We are cleaved from Enlightenment, modernist and avant-garde political art by our consciousness of their collective “failure” or incompletion. Before this historical burden, there are two scholarly options: to unearth lesser-known initiatives towards efficacy in the art of the past, and/or to scrutinize the contemporary possibilities for politically efficacious art appropriate to our own historical moment. Toward these two ends, the contributors to this issue explore a diverse selection of work and historic and geographical contexts. Toby Norris reviews the heated and broad debate over politics in art in France’s turbulent 1930s. Kris Belden-Adams, writing about the same period, discusses the American context—the last moment in which our government was truly committed to funding art. My text theorizes the effect of the 1960s and 1970s on our present art-historical thinking. Stephen Gardner looks at the 1990s in newly “democratized” Russia with his discussion of the performance artist Oleg Kulik (an excellent example of the adaptation of 1960s/1970s art practices in the present). Katherine Gressel is also positioned towards this decade in her consideration of the socially oriented, collaborative performance projects of Suzanne Lacy. Siddarth Puri traces the history of queer performance in India—a hybrid of Western conventions and a specifically local response to a sociopolitical issue. Natilee Harren eyes the mega-exhibitions of the 00’s in her discussion of the Utopia Station project, while Amanda Brown critiques a particular case: the New York Museum of Modern Art’s recent acknowledgment of contemporary “Islamic art” in last spring’s Without Boundary: Seventeen Ways of Looking show. Alan Moore, who like myself intuits a “ghost—which we may suspect is ’68-style activism,” outlines the recent artistic tendency to blend art and activism in quasi-academic settings.
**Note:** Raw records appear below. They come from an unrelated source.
(* Let $n\ge2$, $m=n-1$, $c\in\mathbb{R}^{m^2}$, and let $\overline{Q}_1$ be the polytope defined by constraints (1)–(8): (1) $\sum_{r=1}^m w_{ir}=1$, $i=1,\dots,m$; (2) $\sum_{i=1}^m w_{ir}=1$, $r=1,\dots,m$; (3) $w_{ir}\ge0$; (4) $y_{0,i}=w_{i,1}$; (5) $y_{i,0}=w_{i,m}$; (6) $w_{ir}+w_{j,r+1}-y_{ij}\le1$ for $i\ne j\in\{1,\dots,m\}$, $r\le m-1$; (7) $\sum_{i=1}^m\sum_{j\ne i,j=1}^m y_{ij}=m-1$; (8) $y_{ij}\ge0$ for all distinct $i,j\in\{0,\dots,m\}$. Then $(w^*,y^* )$ is an optimal solution of the problem $\min\{\sum_{i,r}c_{ir}w_{ir}:(w,y)\in\overline{Q}_1\}$ if and only if $(w^*,y^* )\in\overline{Q}_1$ and $w^*$ is an optimal solution of $\min\{c^t w: w\in\mathcal{A}_n\}$.
   Context: $\mathcal{A}_n\subseteq\mathbb{R}^{m^2}$ is the linear assignment (Birkhoff) polytope, the set of $w$ satisfying (1)–(3). $y$ is indexed by ordered pairs of distinct elements of $\{0,1,\dots,m\}$. *)

theory Defs
  imports Main "HOL-Library.Library"
begin

definition assign_poly :: "nat \<Rightarrow> (nat \<Rightarrow> nat \<Rightarrow> real) set" where
  "assign_poly m = {w.
     (\<forall>i\<in>{1..m}. (\<Sum>r=1..m. w i r) = 1) \<and>
     (\<forall>r\<in>{1..m}. (\<Sum>i=1..m. w i r) = 1) \<and>
     (\<forall>i\<in>{1..m}. \<forall>r\<in>{1..m}. w i r \<ge> 0)}"

definition Q1bar :: "nat \<Rightarrow> ((nat \<Rightarrow> nat \<Rightarrow> real) \<times> (nat \<Rightarrow> nat \<Rightarrow> real)) set" where
  "Q1bar m = {(w, y).
     w \<in> assign_poly m \<and>
     (\<forall>i\<in>{1..m}. y 0 i = w i 1) \<and>
     (\<forall>i\<in>{1..m}. y i 0 = w i m) \<and>
     (\<forall>i\<in>{1..m}. \<forall>j\<in>{1..m}. \<forall>r\<in>{1..m-1}. i \<noteq> j \<longrightarrow>
         w i r + w j (r+1) - y i j \<le> 1) \<and>
     (\<Sum>i=1..m. \<Sum>j\<in>{1..m}-{i}. y i j) = real m - 1 \<and>
     (\<forall>i\<in>{0..m}. \<forall>j\<in>{0..m}. i \<noteq> j \<longrightarrow> y i j \<ge> 0)}"

definition lin_cost :: "nat \<Rightarrow> (nat \<Rightarrow> nat \<Rightarrow> real) \<Rightarrow> (nat \<Rightarrow> nat \<Rightarrow> real) \<Rightarrow> real" where
  "lin_cost m c w = (\<Sum>i=1..m. \<Sum>r=1..m. c i r * w i r)"

end

theory Submission
  imports Defs
begin

text \<open>The constraints (4)--(8) do not restrict \<open>w\<close>: every doubly stochastic \<open>w\<close> extends to a
  point of Q1-bar by taking \<open>y i j = \<Sum>\<^sub>r w i r * w j (r+1)\<close> (the mass that \<open>w\<close> puts on
  "\<open>j\<close> directly follows \<open>i\<close>"), since \<open>w i r + w j (r+1) - 1 \<le> w i r * w j (r+1)\<close> for entries
  in \<open>[0,1]\<close>. Over all pairs \<open>(i,j)\<close> these weights sum to \<open>m - 1\<close>; the part sitting on the
  diagonal is moved onto the single pair \<open>(1,2)\<close> to satisfy (7). Hence the projection of
  Q1-bar onto \<open>w\<close> is the assignment polytope, and minimising a cost depending only on \<open>w\<close>
  over either set is the same problem.\<close>

lemma assign_poly_nonneg:
  "w \<in> assign_poly m \<Longrightarrow> i \<in> {1..m} \<Longrightarrow> r \<in> {1..m} \<Longrightarrow> 0 \<le> w i r"
  unfolding assign_poly_def by auto

lemma assign_poly_le_one:
  assumes w: "w \<in> assign_poly m" and "i \<in> {1..m}" "r \<in> {1..m}"
  shows "w i r \<le> 1"
proof -
  have "w i r \<le> (\<Sum>r'=1..m. w i r')"
    using assms by (intro member_le_sum) (auto intro: assign_poly_nonneg[OF w])
  also have "\<dots> = 1" using w assms unfolding assign_poly_def by auto
  finally show ?thesis .
qed

definition succ_weight :: "nat \<Rightarrow> (nat \<Rightarrow> nat \<Rightarrow> real) \<Rightarrow> nat \<Rightarrow> nat \<Rightarrow> real" where
  "succ_weight m w i j = (\<Sum>r=1..m-1. w i r * w j (r+1))"

lemma succ_weight_nonneg:
  "w \<in> assign_poly m \<Longrightarrow> i \<in> {1..m} \<Longrightarrow> j \<in> {1..m} \<Longrightarrow> 0 \<le> succ_weight m w i j"
  unfolding succ_weight_def by (intro sum_nonneg) (auto intro!: mult_nonneg_nonneg assign_poly_nonneg)

lemma succ_weight_lower_bound:
  assumes w: "w \<in> assign_poly m" and ij: "i \<in> {1..m}" "j \<in> {1..m}" and r: "r \<in> {1..m-1}"
  shows "w i r + w j (r+1) - 1 \<le> succ_weight m w i j"
proof -
  have "r \<in> {1..m}" "r + 1 \<in> {1..m}" using r by auto
  note entries = assign_poly_nonneg[OF w] assign_poly_le_one[OF w]
  have "0 \<le> (1 - w i r) * (1 - w j (r+1))"
    using ij \<open>r \<in> {1..m}\<close> \<open>r + 1 \<in> {1..m}\<close> entries by (intro mult_nonneg_nonneg) auto
  hence "w i r + w j (r+1) - 1 \<le> w i r * w j (r+1)" by (simp add: algebra_simps)
  also have "\<dots> \<le> succ_weight m w i j"
    unfolding succ_weight_def using ij r
    by (intro member_le_sum) (auto intro!: mult_nonneg_nonneg assign_poly_nonneg[OF w])
  finally show ?thesis .
qed

lemma sum_succ_weight:
  assumes w: "w \<in> assign_poly m" and m: "m \<ge> 1"
  shows "(\<Sum>i=1..m. \<Sum>j=1..m. succ_weight m w i j) = real m - 1"
proof -
  have col: "(\<Sum>i=1..m. w i r) = 1" if "r \<in> {1..m}" for r
    using w that unfolding assign_poly_def by auto
  have "(\<Sum>i=1..m. \<Sum>j=1..m. succ_weight m w i j)
      = (\<Sum>r=1..m-1. \<Sum>i=1..m. \<Sum>j=1..m. w i r * w j (r+1))"
  proof -
    have "(\<Sum>i=1..m. \<Sum>j=1..m. succ_weight m w i j)
        = (\<Sum>i=1..m. \<Sum>r=1..m-1. \<Sum>j=1..m. w i r * w j (r+1))"
      unfolding succ_weight_def by (rule sum.cong[OF refl]) (rule sum.swap)
    also have "\<dots> = (\<Sum>r=1..m-1. \<Sum>i=1..m. \<Sum>j=1..m. w i r * w j (r+1))"
      by (rule sum.swap)
    finally show ?thesis .
  qed
  also have "\<dots> = (\<Sum>r=1..m-1. (\<Sum>i=1..m. w i r) * (\<Sum>j=1..m. w j (r+1)))"
    by (simp add: sum_product)
  also have "\<dots> = (\<Sum>r=1..m-1. 1)"
  proof (rule sum.cong[OF refl])
    fix r assume "r \<in> {1..m-1}"
    hence "r \<in> {1..m}" "r + 1 \<in> {1..m}" by auto
    thus "(\<Sum>i=1..m. w i r) * (\<Sum>j=1..m. w j (r+1)) = 1" by (simp only: col mult_1)
  qed
  finally show ?thesis using m by simp
qed

lemma assign_poly_extends_to_Q1bar:
  assumes w: "w \<in> assign_poly m" and m: "m \<ge> 1"
  shows "\<exists>y. (w, y) \<in> Q1bar m"
proof -
  define P where "P = succ_weight m w"
  define D where "D = (\<Sum>k=1..m. P k k)"
  define y where "y i j = (if i = 0 then w j 1 else if j = 0 then w i m
      else P i j + (if i = 1 \<and> j = 2 then D else 0))" for i j
  have P_nonneg: "0 \<le> P i j" if "i \<in> {1..m}" "j \<in> {1..m}" for i j
    using succ_weight_nonneg[OF w that] by (simp add: P_def)
  have D_nonneg: "0 \<le> D" unfolding D_def by (intro sum_nonneg) (auto intro: P_nonneg)
  have slack_sum: "(\<Sum>i=1..m. \<Sum>j\<in>{1..m}-{i}. if i = 1 \<and> j = 2 then D else 0) = D"
  proof (cases "m \<ge> 2")
    case True
    have "(\<Sum>i=1..m. \<Sum>j\<in>{1..m}-{i}. if i = 1 \<and> j = 2 then D else 0)
        = (\<Sum>i=1..m. if i = 1 then D else 0)"
      using True by (intro sum.cong refl) (auto simp: sum.delta)
    also have "\<dots> = D" using True by (simp add: sum.delta)
    finally show ?thesis .
  next
    case False
    hence "m = 1" using m by simp
    thus ?thesis by (simp add: D_def P_def succ_weight_def)
  qed
  have split_diag: "(\<Sum>j=1..m. P i j) = P i i + (\<Sum>j\<in>{1..m}-{i}. P i j)" if "i \<in> {1..m}" for i
    using that by (intro sum.remove) auto
  have "(\<Sum>i=1..m. \<Sum>j\<in>{1..m}-{i}. y i j)
      = (\<Sum>i=1..m. \<Sum>j\<in>{1..m}-{i}. P i j) + D"
    unfolding y_def using slack_sum by (simp add: sum.distrib)
  also have "\<dots> = (\<Sum>i=1..m. P i i + (\<Sum>j\<in>{1..m}-{i}. P i j))"
    by (simp add: D_def sum.distrib)
  also have "\<dots> = (\<Sum>i=1..m. \<Sum>j=1..m. P i j)"
    by (rule sum.cong[OF refl]) (rule split_diag[symmetric])
  also have "\<dots> = real m - 1" using sum_succ_weight[OF w m] by (simp add: P_def)
  finally have total: "(\<Sum>i=1..m. \<Sum>j\<in>{1..m}-{i}. y i j) = real m - 1" .
  have succ: "w i r + w j (r+1) - y i j \<le> 1"
    if "i \<in> {1..m}" "j \<in> {1..m}" "r \<in> {1..m-1}" for i j r
    using succ_weight_lower_bound[OF w that] that D_nonneg by (auto simp: y_def P_def)
  have y_nonneg: "0 \<le> y i j" if "i \<in> {0..m}" "j \<in> {0..m}" "i \<noteq> j" for i j
    using that D_nonneg P_nonneg m by (auto simp: y_def intro!: assign_poly_nonneg[OF w])
  have "(w, y) \<in> Q1bar m"
    unfolding Q1bar_def using w total succ y_nonneg by (auto simp: y_def)
  thus ?thesis by blast
qed

lemma fst_Q1bar:
  assumes "m \<ge> 1"
  shows "fst ` Q1bar m = assign_poly m"
proof
  show "fst ` Q1bar m \<subseteq> assign_poly m" unfolding Q1bar_def by auto
  show "assign_poly m \<subseteq> fst ` Q1bar m"
    using assign_poly_extends_to_Q1bar[OF _ assms] by force
qed

theorem lemma3:
  fixes n m :: nat and c ws ys :: "nat \<Rightarrow> nat \<Rightarrow> real"
  assumes "n \<ge> 2" and "m = n - 1"
  shows "((ws, ys) \<in> Q1bar m \<and>
          (\<forall>(w, y) \<in> Q1bar m. lin_cost m c ws \<le> lin_cost m c w))
         \<longleftrightarrow>
         ((ws, ys) \<in> Q1bar m \<and>
          ws \<in> assign_poly m \<and> (\<forall>w \<in> assign_poly m. lin_cost m c ws \<le> lin_cost m c w))"
proof -
  have proj: "fst ` Q1bar m = assign_poly m" using assms by (intro fst_Q1bar) simp
  have "(\<forall>(w, y) \<in> Q1bar m. lin_cost m c ws \<le> lin_cost m c w)
      \<longleftrightarrow> (\<forall>w \<in> fst ` Q1bar m. lin_cost m c ws \<le> lin_cost m c w)"
    by auto
  moreover have "(ws, ys) \<in> Q1bar m \<Longrightarrow> ws \<in> assign_poly m"
    using proj by force
  ultimately show ?thesis using proj by auto
qed

end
Finally, overviews of the recent Portraits of Grief project that was installed in the CUNY Graduate Center galleries last year and an interview with the editors of the blog American Coprophagia demonstrate possibilities for new media in the recent American political climate. Contrary to those who would claim that both art and art history are apolitical realms today and that critical theory is “dead” in terms of use value, the heterogeneous methods and subject matter herein attest that the problematic of efficacy remains a trenchant one for both scholars and practitioners of art.

New York, NY
March 1, 2007

[1] Jacques Derrida, Specters of Marx: The State of the Debt, the Work of Mourning, and the New International, trans. Peggy Kamuf (New York: Routledge, 1994), p. xix.